__ACTIVITY__
Which lines of the entries hold the string "between"? Copy each one.
++++ THE DATA ++++
(* Let $G$ be a non-chordal graph, $H$ a hole of $G$, and $S$ the equivalence class of $\sim_G$ containing $V(H)$. Let $u,v$ be two nonadjacent vertices of $H$. If $G+uv$ has a hole $H^*$ that is not a hole of $G$, then $V(H^* )\subseteq S$.
   Context: All graphs are finite and simple. A hole of $G$ is an induced cycle of length at least $4$; $G$ is chordal if it has no hole. $\mathcal H(G)$ is the set of holes of $G$ and $\Omega(G)=\bigcup_{H\in\mathcal H(G)}V(H)$. The relation $\sim_G$ on $\Omega(G)$ is defined by $x\sim_G y$ iff $x,y$ lie on a common hole, or there is a sequence $H_1,\dots,H_t$ of distinct holes of $G$ with $x\in V(H_1)$, $y\in V(H_t)$ and $H_i,H_{i+1}$ sharing a vertex for each $i$; it is an equivalence relation and the vertex set of each hole lies in a single class. *)

theory Defs
  imports Main
begin

definition graph :: "'a set \<Rightarrow> ('a \<Rightarrow> 'a \<Rightarrow> bool) \<Rightarrow> bool" where
  "graph V E \<longleftrightarrow> finite V \<and> (\<forall>x y. E x y \<longrightarrow> x \<in> V \<and> y \<in> V)
     \<and> (\<forall>x y. E x y \<longrightarrow> E y x) \<and> (\<forall>x. \<not> E x x)"

text \<open>A hole (induced cycle of length at least 4), represented by its vertex set
(an induced subgraph is determined by its vertex set): C is a hole iff its
vertices can be listed cyclically as xs (distinct, length at least 4) such that
two vertices of C are adjacent exactly when they are cyclically consecutive.\<close>
definition is_hole :: "'a set \<Rightarrow> ('a \<Rightarrow> 'a \<Rightarrow> bool) \<Rightarrow> 'a set \<Rightarrow> bool" where
  "is_hole V E C \<longleftrightarrow> C \<subseteq> V \<and> (\<exists>xs. distinct xs \<and> set xs = C \<and> length xs \<ge> 4 \<and>
     (\<forall>i<length xs. \<forall>j<length xs.
        E (xs ! i) (xs ! j) \<longleftrightarrow> (j = Suc i mod length xs \<or> i = Suc j mod length xs)))"

definition holes :: "'a set \<Rightarrow> ('a \<Rightarrow> 'a \<Rightarrow> bool) \<Rightarrow> 'a set set" where
  "holes V E = {C. is_hole V E C}"

definition chordal :: "'a set \<Rightarrow> ('a \<Rightarrow> 'a \<Rightarrow> bool) \<Rightarrow> bool" where
  "chordal V E \<longleftrightarrow> holes V E = {}"

definition Omega :: "'a set \<Rightarrow> ('a \<Rightarrow> 'a \<Rightarrow> bool) \<Rightarrow> 'a set" where
  "Omega V E = \<Union> (holes V E)"

text \<open>x ~_G y: x,y lie on a common hole (list of length 1), or there is a sequence
of distinct holes H_1..H_t with x in H_1, y in H_t and consecutive holes sharing
a vertex.\<close>
definition hole_rel :: "'a set \<Rightarrow> ('a \<Rightarrow> 'a \<Rightarrow> bool) \<Rightarrow> 'a \<Rightarrow> 'a \<Rightarrow> bool" where
  "hole_rel V E x y \<longleftrightarrow> (\<exists>Hs. Hs \<noteq> [] \<and> distinct Hs \<and> set Hs \<subseteq> holes V E \<and>
     x \<in> hd Hs \<and> y \<in> last Hs \<and>
     (\<forall>i. Suc i < length Hs \<longrightarrow> Hs ! i \<inter> Hs ! Suc i \<noteq> {}))"

definition hole_class :: "'a set \<Rightarrow> ('a \<Rightarrow> 'a \<Rightarrow> bool) \<Rightarrow> 'a set \<Rightarrow> 'a set" where
  "hole_class V E H = {y. \<exists>x\<in>H. hole_rel V E x y}"

definition add_edge :: "('a \<Rightarrow> 'a \<Rightarrow> bool) \<Rightarrow> 'a \<Rightarrow> 'a \<Rightarrow> 'a \<Rightarrow> 'a \<Rightarrow> bool" where
  "add_edge E u v = (\<lambda>x y. E x y \<or> (x = u \<and> y = v) \<or> (x = v \<and> y = u))"

end

theory Submission
  imports Defs
begin

text \<open>
  Deleting the new edge uv from the new hole H* leaves an induced path P of G from u to v with
  at least four vertices; we show that every vertex x of P outside H lies on a hole of G that
  meets H.  If the neighbours of x on H contain two nonadjacent vertices and miss some vertex c,
  then x together with the arc of H through c between its extreme neighbours contains such a hole.
  Otherwise the neighbours of x on H form a clique, so one of the two arcs of H between u and v
  avoids them internally; replacing x on P by this arc and closing up through x yields a hole, and
  it meets H because an induced path contains no hole.
\<close>

section \<open>Induced cycles and induced paths\<close>

lemma graph_sym: "graph V E \<Longrightarrow> E x y \<Longrightarrow> E y x"
  unfolding graph_def by blast

lemma graph_irrefl: "graph V E \<Longrightarrow> \<not> E x x"
  unfolding graph_def by blast

definition cyclic_adj :: "nat \<Rightarrow> nat \<Rightarrow> nat \<Rightarrow> bool" where
  "cyclic_adj n i j \<longleftrightarrow> j = Suc i mod n \<or> i = Suc j mod n"

lemma cyclic_adj_iff:
  assumes "i < n" "j < n"
  shows "cyclic_adj n i j \<longleftrightarrow> j = Suc i \<or> i = Suc j \<or> {i, j} = {0, n - 1}"
  using assms unfolding cyclic_adj_def by (auto simp: mod_Suc doubleton_eq_iff)

lemma cyclic_adj_rotate:
  assumes "i < n" "j < n"
  shows "cyclic_adj n ((k + i) mod n) ((k + j) mod n) \<longleftrightarrow> cyclic_adj n i j"
proof -
  have "(k + b) mod n = Suc ((k + a) mod n) mod n \<longleftrightarrow> b = Suc a mod n"
    if "b < n" for a b
  proof -
    have "(k + b) mod n = Suc ((k + a) mod n) mod n \<longleftrightarrow> (k + b) mod n = (k + Suc a) mod n"
      by (simp add: mod_Suc_eq)
    also have "\<dots> \<longleftrightarrow> b mod n = Suc a mod n"
      by (simp add: nat_mod_eq_iff)
    finally show ?thesis using that by simp
  qed
  then show ?thesis unfolding cyclic_adj_def using assms by blast
qed

definition induced_cycle :: "('a \<Rightarrow> 'a \<Rightarrow> bool) \<Rightarrow> 'a list \<Rightarrow> bool" where
  "induced_cycle E xs \<longleftrightarrow> distinct xs \<and> 4 \<le> length xs \<and>
     (\<forall>i<length xs. \<forall>j<length xs. E (xs ! i) (xs ! j) \<longleftrightarrow> cyclic_adj (length xs) i j)"

definition induced_path :: "('a \<Rightarrow> 'a \<Rightarrow> bool) \<Rightarrow> 'a list \<Rightarrow> bool" where
  "induced_path E ys \<longleftrightarrow> distinct ys \<and>
     (\<forall>i<length ys. \<forall>j<length ys. E (ys ! i) (ys ! j) \<longleftrightarrow> j = Suc i \<or> i = Suc j)"

lemma is_hole_iff_induced_cycle:
  "is_hole V E C \<longleftrightarrow> C \<subseteq> V \<and> (\<exists>xs. induced_cycle E xs \<and> set xs = C)"
  unfolding is_hole_def induced_cycle_def cyclic_adj_def by auto

lemma induced_cycle_adj:
  "induced_cycle E xs \<Longrightarrow> i < length xs \<Longrightarrow> j < length xs \<Longrightarrow>
    E (xs ! i) (xs ! j) \<longleftrightarrow> cyclic_adj (length xs) i j"
  unfolding induced_cycle_def by blast

lemma induced_cycle_edge:
  assumes "induced_cycle E xs" "Suc j < length xs"
  shows "E (xs ! j) (xs ! Suc j)"
  using induced_cycle_adj[OF assms(1)] cyclic_adj_iff assms(2) by simp
(* Let $X$ be a Banach lattice with order continuous norm, let $(S_\lambda)_{\lambda\in\Lambda}$ be a family of convex monotone semigroups on $X$, and suppose $S$ is the semigroup envelope of $(S_\lambda)_{\lambda\in\Lambda}$. Then $S(t)x=\sup_{\pi\in P_t}J_\pi x$ for all $t\ge0$ and $x\in X$.
   Context: A Banach lattice $X$ has order continuous norm if $\|x_\alpha\|\to 0$ for every net $x_\alpha\downarrow 0$ (then every nonempty subset bounded above has a supremum). An operator $T\colon X\to X$ is convex if $T(\lambda x+(1-\lambda)y)\le\lambda Tx+(1-\lambda)Ty$, monotone if $x\le y\Rightarrow Tx\le Ty$, bounded if $\sup_{\|x\|\le r}\|Tx\|<\infty$ for all $r>0$. A semigroup on $X$ is a family $(S(t))_{t\ge0}$ of bounded operators $X\to X$ with $S(0)=\mathrm{id}$ and $S(t+s)=S(t)S(s)$; convex/monotone if every $S(t)$ is. For semigroups $S,T$ write $S\le T$ if $S(t)x\le T(t)x$ for all $t,x$. A semigroup is an upper bound of $(S_\lambda)$ if it dominates every $S_\lambda$; the (upper) semigroup envelope is the smallest upper bound. Let $P$ be the set of finite $\pi\subset[0,\infty)$ with $0\in\pi$, $P_t:=\{\pi\in P:\max\pi=t\}$. Define $J_hx:=\sup_{\lambda\in\Lambda}S_\lambda(h)x$ for $h>0$ ($J_0=\mathrm{id}$) and for $\pi=\{t_0<\dots<t_m\}$, $t_0=0$, $J_\pi:=J_{t_1-t_0}\cdots J_{t_m-t_{m-1}}$. *)

theory Defs
  imports "HOL-Analysis.Analysis"
begin

text \<open>Real Banach lattices are modelled as types of sort
  banach + ordered_real_vector + lattice (a complete normed real vector space
  which is an ordered vector space whose order is a lattice order), together
  with the lattice-norm condition below.\<close>

definition lat_abs :: "'a::{ordered_real_vector, lattice} \<Rightarrow> 'a" where
  "lat_abs x = sup x (- x)"

definition banach_lattice :: "'a::{banach, ordered_real_vector, lattice} itself \<Rightarrow> bool" where
  "banach_lattice _ \<longleftrightarrow> (\<forall>x y :: 'a. lat_abs x \<le> lat_abs y \<longrightarrow> norm x \<le> norm y)"

definition is_lub :: "'a::order set \<Rightarrow> 'a \<Rightarrow> bool" where
  "is_lub A s \<longleftrightarrow> (\<forall>a\<in>A. a \<le> s) \<and> (\<forall>u. (\<forall>a\<in>A. a \<le> u) \<longrightarrow> s \<le> u)"

definition is_glb :: "'a::order set \<Rightarrow> 'a \<Rightarrow> bool" where
  "is_glb A s \<longleftrightarrow> (\<forall>a\<in>A. s \<le> a) \<and> (\<forall>u. (\<forall>a\<in>A. u \<le> a) \<longrightarrow> u \<le> s)"

definition lub :: "'a::order set \<Rightarrow> 'a" where
  "lub A = (THE s. is_lub A s)"

text \<open>Order continuous norm: every downward directed net decreasing to 0
  has norms tending to 0. A net x_alpha decreasing to 0 is represented by its
  (downward directed) set of values A with infimum 0; norm convergence along the
  net is then: for every eps > 0 some element of A has norm < eps (and then all
  smaller ones do as well, by the lattice norm property).\<close>
definition down_directed :: "'a::order set \<Rightarrow> bool" where
  "down_directed A \<longleftrightarrow> A \<noteq> {} \<and> (\<forall>a\<in>A. \<forall>b\<in>A. \<exists>c\<in>A. c \<le> a \<and> c \<le> b)"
++++
__RESPONSE FOR THIS EXERCISE__
  then x together with the arc of H through c between its extreme neighbours contains such a hole.
  Otherwise the neighbours of x on H form a clique, so one of the two arcs of H between u and v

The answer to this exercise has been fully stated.